Supporters of Hamas gather in Berlin. Photo: Reuters/M. Golejewski

As concern mounts over a potential surge in Hamas-linked attacks in Europe, German authorities have arrested another suspected member of the Palestinian terrorist group accused of acquiring firearms and ammunition to target Jewish communities.

On Tuesday, local police arrested Lebanese-born Borhan El-K, a suspected Hamas operative, after he crossed into Germany from the Czech Republic — part of an ongoing probe into the Islamist group’s network and operations across the continent.

The German federal prosecutor’s office confirmed the suspect obtained an automatic rifle, eight Glock pistols, and more than 600 rounds of ammunition in the country before handing the weapons to Wael FM, another suspected member of the terrorist group, in Berlin.

Local law enforcement arrested Lebanese-born Wael FM last month, along with two other German citizens, Adeb Al G and Ahmad I.

Prosecutors believe the three men acted as foreign operatives for Hamas and procured firearms and ammunition intended for attacks on Israeli and Jewish institutions in Germany.

Hamas, long supported by the Iranian regime as well as Qatar and Turkey, is designated as a terrorist organization by the European Union and several other Western countries, including the United States.

Earlier this month, Mohammed A, another alleged member of the Palestinian terrorist group, was arrested in London at the request of German police.

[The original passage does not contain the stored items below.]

lemma ends_at_image:
  assumes "inj_on \<psi> V" "fst (g e) \<in> V" "snd (g e) \<in> V" "x \<in> V"
    and "g' e' = map_prod \<psi> \<psi> (g e) \<or> g' e' = prod.swap (map_prod \<psi> \<psi> (g e))"
  shows "ends_at g' e' (\<psi> x) = ends_at g e x"
proof -
  have "\<psi> (fst (g e)) = \<psi> x \<longleftrightarrow> fst (g e) = x" "\<psi> (snd (g e)) = \<psi> x \<longleftrightarrow> snd (g e) = x"
    using assms(1-4) by (meson inj_on_eq_iff)+
  then show ?thesis
    using assms(5) by (cases "g e") (auto simp: ends_at_def)
qed

lemma wf_graph_graph_iso:
  assumes iso: "graph_iso \<rho> \<psi> V E g V' E' g'" and wf: "wf_graph V E g"
  shows "wf_graph V' E' g'"
  unfolding wf_graph_def
proof (intro conjI ballI)
  have "bij_betw \<rho> E' E" "\<psi> ` V = V'"
    using iso unfolding graph_iso_def by auto
  then show "finite V'" "finite E'"
    using wf bij_betw_finite unfolding wf_graph_def by auto
next
  fix e assume e: "e \<in> E'"
  then have "fst (g (\<rho> e)) \<in> V" "snd (g (\<rho> e)) \<in> V"
    using iso wf unfolding graph_iso_def bij_betw_def wf_graph_def by auto
  then show "fst (g' e) \<in> V'" "snd (g' e) \<in> V'"
    using iso e unfolding graph_iso_def by (cases "g (\<rho> e)"; force)+
qed

lemma cubic_graph_iso:
  assumes iso: "graph_iso \<rho> \<psi> V E g V' E' g'" and cub: "cubic V E g"
  shows "cubic V' E' g'"
proof -
  have \<rho>: "bij_betw \<rho> E' E" and inj: "inj_on \<psi> V" and im: "\<psi> ` V = V'"
    and ends: "\<And>e. e \<in> E' \<Longrightarrow> g' e = map_prod \<psi> \<psi> (g (\<rho> e)) \<or> g' e = prod.swap (map_prod \<psi> \<psi> (g (\<rho> e)))"
    using iso unfolding graph_iso_def by auto
  have wf: "wf_graph V E g"
    using cub unfolding cubic_def by simp
  then have wf': "wf_graph V' E' g'"
    by (rule wf_graph_graph_iso[OF iso])
  then have "finite E'"
    unfolding wf_graph_def by simp
  have "deg V' E' g' (\<psi> x) = 3" if x: "x \<in> V" for x
  proof -
    have "deg V' E' g' (\<psi> x) = (\<Sum>e\<in>E'. ends_at g (\<rho> e) x)"
      unfolding deg_eq_sum_ends_at[OF \<open>finite E'\<close>]
    proof (rule sum.cong)
      fix e assume e: "e \<in> E'"
      then have "\<rho> e \<in> E"
        using \<rho> unfolding bij_betw_def by auto
      then have "fst (g (\<rho> e)) \<in> V" "snd (g (\<rho> e)) \<in> V"
        using wf unfolding wf_graph_def by auto
      with inj x ends[OF e] show "ends_at g' e (\<psi> x) = ends_at g (\<rho> e) x"
        by (intro ends_at_image)
    qed simp
    also have "\<dots> = deg V E g x"
      using sum.reindex_bij_betw[OF \<rho>, of "\<lambda>f. ends_at g f x"] wf
      unfolding wf_graph_def by (simp add: deg_eq_sum_ends_at)
    finally show ?thesis
      using cub x unfolding cubic_def by auto
  qed
  then show ?thesis
    unfolding cubic_def using wf' im by auto
qed

lemma bipartite_with_graph_iso:
  assumes iso: "graph_iso \<rho> \<psi> V E g V' E' g'" and bip: "bipartite_with V E g A B"
  shows "bipartite_with V' E' g' (\<psi> ` A) (\<psi> ` B)"
proof -
  have \<rho>: "bij_betw \<rho> E' E" and inj: "inj_on \<psi> V" and im: "\<psi> ` V = V'"
    and ends: "\<And>e. e \<in> E' \<Longrightarrow> g' e = map_prod \<psi> \<psi> (g (\<rho> e)) \<or> g' e = prod.swap (map_prod \<psi> \<psi> (g (\<rho> e)))"
    using iso unfolding graph_iso_def by auto
  have AB: "A \<union> B = V" "A \<inter> B = {}"
    using bip unfolding bipartite_with_def by auto
  have "\<psi> ` A \<inter> \<psi> ` B = \<psi> ` (A \<inter> B)"
    using inj AB(1) by (intro inj_on_image_Int[symmetric]) auto
  moreover have "(fst (g' e) \<in> \<psi> ` A \<and> snd (g' e) \<in> \<psi> ` B) \<or> (fst (g' e) \<in> \<psi> ` B \<and> snd (g' e) \<in> \<psi> ` A)"
    if e: "e \<in> E'" for e
  proof -
    have "\<rho> e \<in> E"
      using \<rho> e unfolding bij_betw_def by auto
    then have "(fst (g (\<rho> e)) \<in> A \<and> snd (g (\<rho> e)) \<in> B) \<or> (fst (g (\<rho> e)) \<in> B \<and> snd (g (\<rho> e)) \<in> A)"
      using bip unfolding bipartite_with_def by auto
    then show ?thesis
      using ends[OF e] by (cases "g (\<rho> e)") auto
  qed
  ultimately show ?thesis
    using AB im unfolding bipartite_with_def by auto
qed

lemma bipartite_cubic_card_eq:
  assumes bip: "bipartite_with V E g A B" and cub: "cubic V E g"
  shows "card A = card B"
proof -
  have fin: "finite V" "finite E"
    using cub unfolding cubic_def wf_graph_def by auto
  have AB: "A \<union> B = V" "A \<inter> B = {}"
    using bip unfolding bipartite_with_def by auto
  have "3 * card S = card E" if S: "S = A \<or> S = B" for S
  proof -
    have "finite S"
      using fin AB S by (metis finite_Un)
    have "3 * card S = (\<Sum>x\<in>S. deg V E g x)"
      using cub AB S unfolding cubic_def by auto
    also have "\<dots> = (\<Sum>e\<in>E. ends_in g e S)"
      using \<open>finite S\<close> fin(2) by (rule sum_deg_eq_sum_ends_in)
    also have "\<dots> = (\<Sum>e\<in>E. 1)"
      using bip AB(2) S unfolding bipartite_with_def ends_in_def by (intro sum.cong) auto
    finally show ?thesis
      by simp
  qed
  from this[of A] this[of B] show ?thesis
    by simp
qed

lemma pm_index_le_pullback:
  assumes fin: "finite E" and h: "h ` E' \<subseteq> E"
    and pm: "\<And>M. perfect_matching V E g M \<Longrightarrow> perfect_matching V' E' g' {e\<in>E'. h e \<in> M}"
  shows "pm_index V' E' g' \<le> pm_index V E g"
  unfolding pm_index_def
proof (rule INF_greatest)
  fix Ms assume Ms: "Ms \<in> {Ms. (\<forall>M\<in>Ms. perfect_matching V E g M) \<and> \<Union>Ms = E}"
  define pull where "pull M = {e\<in>E'. h e \<in> M}" for M
  have "finite Ms"
    using Ms fin finite_subset[of Ms "Pow E"] by auto
  have "\<Union>(pull ` Ms) = E'"
  proof
    show "E' \<subseteq> \<Union>(pull ` Ms)"
      using Ms h unfolding pull_def by auto
  qed (auto simp: pull_def)
  then have "pull ` Ms \<in> {Ms. (\<forall>M\<in>Ms. perfect_matching V' E' g' M) \<and> \<Union>Ms = E'}"
    using Ms pm unfolding pull_def by auto
  then have "(INF Ms \<in> {Ms. (\<forall>M\<in>Ms. perfect_matching V' E' g' M) \<and> \<Union>Ms = E'}. enat (card Ms))
      \<le> enat (card (pull ` Ms))"
    by (rule INF_lower)
  also have "\<dots> \<le> enat (card Ms)"
    using card_image_le[OF \<open>finite Ms\<close>] by simp
  finally show "(INF Ms \<in> {Ms. (\<forall>M\<in>Ms. perfect_matching V' E' g' M) \<and> \<Union>Ms = E'}. enat (card Ms))
      \<le> enat (card Ms)" .
qed

section \<open>Cubic graphs with a bipartising set\<close>

locale bipartised_cubic =
  fixes V :: "'v set" and E :: "'e set" and g :: "'e \<Rightarrow> 'v \<times> 'v" and U :: "'v set"
  assumes cubic: "cubic V E g"
    and loopless: "\<forall>e\<in>E. fst (g e) \<noteq> snd (g e)"
    and bipartising: "bipartising_set V E g U"
begin

abbreviation "Cs \<equiv> components (V - U) E g"
abbreviation "contr \<equiv> contr_class V E g U"

lemma finite: "finite V" "finite E"
  and ends_in_V: "e \<in> E \<Longrightarrow> fst (g e) \<in> V \<and> snd (g e) \<in> V"
  using cubic unfolding cubic_def wf_graph_def by auto

lemma U_subset: "U \<subseteq> V"
  and card_U: "2 \<le> card U"
  and U_independent: "e \<in> E \<Longrightarrow> \<not> (fst (g e) \<in> U \<and> snd (g e) \<in> U)"
  and contraction_cubic:
    "cubic ((\<lambda>x. {x}) ` U \<union> Cs) (contr_edges V E g U) (contr_ends V E g U)"
  and contraction_bipartite:
    "bipartite_with ((\<lambda>x. {x}) ` U \<union> Cs) (contr_edges V E g U) (contr_ends V E g U) ((\<lambda>x. {x}) ` U) Cs"
  using bipartising unfolding bipartising_set_def by auto

lemma finite_U: "finite U"
  using U_subset finite finite_subset by blast

lemma finite_Cs: "finite Cs"
  using finite by (simp add: finite_components)

lemma finite_component: "C \<in> Cs \<Longrightarrow> finite C"
  using components_subset finite finite_subset by (metis Diff_subset order_trans)

lemma contr_eq_iff: "C \<in> Cs \<Longrightarrow> x \<in> V \<Longrightarrow> contr x = C \<longleftrightarrow> x \<in> C"
  unfolding contr_class_def
  using components_subset[of C] mem_components_iff[of C "V - U" E g x] by auto

lemma ends_at_contr_ends:
  assumes "C \<in> Cs" "e \<in> E"
  shows "ends_at (contr_ends V E g U) e C = ends_in g e C"
  using contr_eq_iff[OF assms(1)] ends_in_V[OF assms(2)]
  unfolding ends_at_def ends_in_def contr_ends_def by (cases "g e") auto

text \<open>The degree of C in the contraction counts the edges with exactly one end in C.\<close>
lemma card_boundary_component:
  assumes C: "C \<in> Cs"
  shows "card (boundary g E C) = 3"
proof -
  let ?E1 = "contr_edges V E g U"
  have E1: "?E1 \<subseteq> E"
    unfolding contr_edges_def by auto
  have in_C_iff: "fst (g e) \<in> C \<longleftrightarrow> contr (fst (g e)) = C" "snd (g e) \<in> C \<longleftrightarrow> contr (snd (g e)) = C"
    if "e \<in> E" for e
    using contr_eq_iff[OF C] ends_in_V[OF that] by simp_all
  have inside: "ends_in g e C \<noteq> 1" if "e \<in> E - ?E1" for e
  proof -
    have "contr (fst (g e)) = contr (snd (g e))"
      using that unfolding contr_edges_def by simp
    then show ?thesis
      using in_C_iff[of e] that unfolding ends_in_def by auto
  qed
  have across: "ends_at (contr_ends V E g U) e C = of_bool (ends_in g e C = 1)" if "e \<in> ?E1" for e
  proof -
    have "e \<in> E" "contr (fst (g e)) \<noteq> contr (snd (g e))"
      using that unfolding contr_edges_def by simp_all
    then show ?thesis
      using in_C_iff[of e] ends_at_contr_ends[OF C] unfolding ends_in_def by auto
  qed
  have "3 = deg ((\<lambda>x. {x}) ` U \<union> Cs) ?E1 (contr_ends V E g U) C"
    using contraction_cubic C unfolding cubic_def by auto
  also have "\<dots> = (\<Sum>e\<in>?E1. of_bool (ends_in g e C = 1))"
    using finite_subset[OF E1 finite(2)] by (simp add: deg_eq_sum_ends_at across del: sum_of_bool_eq)
  also have "\<dots> = (\<Sum>e\<in>E. of_bool (ends_in g e C = 1))"
    using inside by (intro sum.mono_neutral_left[OF finite(2) E1]) auto
  also have "\<dots> = card (boundary g E C)"
    unfolding boundary_def by (simp add: card_filter_eq_sum[OF finite(2)])
  finally show ?thesis
    by simp
qed

lemma odd_card_component:
  assumes C: "C \<in> Cs"
  shows "odd (card C)"
proof -
  have "(\<Sum>x\<in>C. deg V E g x) = (\<Sum>x\<in>C. 3)"
    using cubic components_subset[OF C] unfolding cubic_def by (intro sum.cong) auto
  then have "3 * card C = (\<Sum>x\<in>C. deg V E g x)"
    by simp
  also have "\<dots> = (\<Sum>e\<in>E. ends_in g e C)"
    by (rule sum_deg_eq_sum_ends_in[OF finite_component[OF C] finite(2)])
  finally have "odd (3 * card C)"
    using even_sum_ends_in_iff[OF finite(2), of g C] card_boundary_component[OF C] by simp
  then show ?thesis
    by simp
qed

He is accused of taking five handguns and ammunition from Abed Al G before moving them to Vienna for storage.

Last week, Vienna authorities uncovered a hidden arsenal linked to Hamas, reportedly intended for “potential terrorist attacks in Europe” targeting Jewish communities.

The Austrian government confirmed that the Directorate for State Security and Intelligence Service (DSN) has been conducting an internationally coordinated investigation into a global terrorist network with ties to the Islamist group.

During the investigation, Austrian authorities uncovered evidence suggesting that this group had brought weapons into the country for potential terrorist attacks in Europe.

For its part, Hamas issued a statement denying any connection to the criminal network, calling the allegations of its involvement “baseless.”

However, experts have warned that Hamas has expanded its terrorist operations beyond the Middle East, exploiting a well-established network of weapons caches, criminal alliances, and covert infrastructure quietly built across Europe over the years.

Last month, West Point’s Combating Terrorism Center released a study detailing how Hamas leaders in Lebanon have been directing operatives to establish “foreign operator” cells across Europe, collaborating with organized crime networks to acquire weapons and target Jewish communities abroad.

In February, four Hamas members suspected of plotting attacks on Jewish institutions in Europe went on trial in Berlin, in what prosecutors described as the first court case against terrorists of the Islamist group in Germany.